Task to carry out: Identify all lines in the listing that include the word "exists", and copy them out.

Records provided:

(* Let $k(x)$ be a polynomial with $k(x)=k(-x)=\overline{k(x)}$ for real $x$ (i.e. an even polynomial with real coefficients). For $\xi>0$ let $S_\xi$ be the operator on $L^2(0,\xi)$ given by $(S_\xi f)(x)=f(x)+\int_0^\xi f(t)k(x-t)\,dt$, and for those $\xi>0$ at which $S_\xi$ is invertible put $h_2(\xi)=(S_\xi^{-1}1)(\xi)$, where $S_\xi^{-1}1$ (a polynomial in $x$) is evaluated at $x=\xi$; equivalently $h_2(\xi)=1+\int_0^\xi\Gamma_\xi(\xi,t)\,dt$, where $\Gamma_\xi$ is the resolvent kernel, $S_\xi^{-1}f=f+\int_0^\xi\Gamma_\xi(x,t)f(t)\,dt$. Then there is a rational function $R$ with $h_2(\xi)=R(\xi)$ for all such $\xi$. Consequently the function $Q(\xi)=\frac{1}{2h_2(\xi)^2}$ is rational. *)

theory Defs
  imports "HOL-Analysis.Analysis" "HOL-Computational_Algebra.Polynomial"
begin

definition L2on :: "real \<Rightarrow> (real \<Rightarrow> complex) \<Rightarrow> bool" where
  "L2on \<xi> f \<longleftrightarrow> f \<in> borel_measurable (lebesgue_on {0..\<xi>}) \<and>
     integrable (lebesgue_on {0..\<xi>}) (\<lambda>x. (norm (f x))^2)"

definition Sop :: "complex poly \<Rightarrow> real \<Rightarrow> (real \<Rightarrow> complex) \<Rightarrow> real \<Rightarrow> complex" where
  "Sop k \<xi> f x = f x + (LINT t|lebesgue_on {0..\<xi>}. f t * poly k (of_real (x - t)))"

text \<open>S_xi is invertible as an operator on L^2(0,xi): bijective on a.e.-classes
  (a bounded inverse is then automatic by the open mapping theorem).\<close>
definition S_invertible :: "complex poly \<Rightarrow> real \<Rightarrow> bool" where
  "S_invertible k \<xi> \<longleftrightarrow>
     (\<forall>g. L2on \<xi> g \<longrightarrow> (\<exists>f. L2on \<xi> f \<and> (AE x in lebesgue_on {0..\<xi>}. Sop k \<xi> f x = g x))) \<and>
     (\<forall>f1 f2. L2on \<xi> f1 \<and> L2on \<xi> f2 \<and>
        (AE x in lebesgue_on {0..\<xi>}. Sop k \<xi> f1 x = Sop k \<xi> f2 x) \<longrightarrow>
        (AE x in lebesgue_on {0..\<xi>}. f1 x = f2 x))"

definition h2 :: "complex poly \<Rightarrow> real \<Rightarrow> complex" where
  "h2 k \<xi> = (THE c. \<exists>p :: complex poly.
      (AE x in lebesgue_on {0..\<xi>}. Sop k \<xi> (\<lambda>t. poly p (of_real t)) x = 1) \<and>
      c = poly p (of_real \<xi>))"

end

Exercise answer:
     (\<forall>g. L2on \<xi> g \<longrightarrow> (\<exists>f. L2on \<xi> f \<and> (AE x in lebesgue_on {0..\<xi>}. Sop k \<xi> f x = g x))) \<and>
  "h2 k \<xi> = (THE c. \<exists>p :: complex poly.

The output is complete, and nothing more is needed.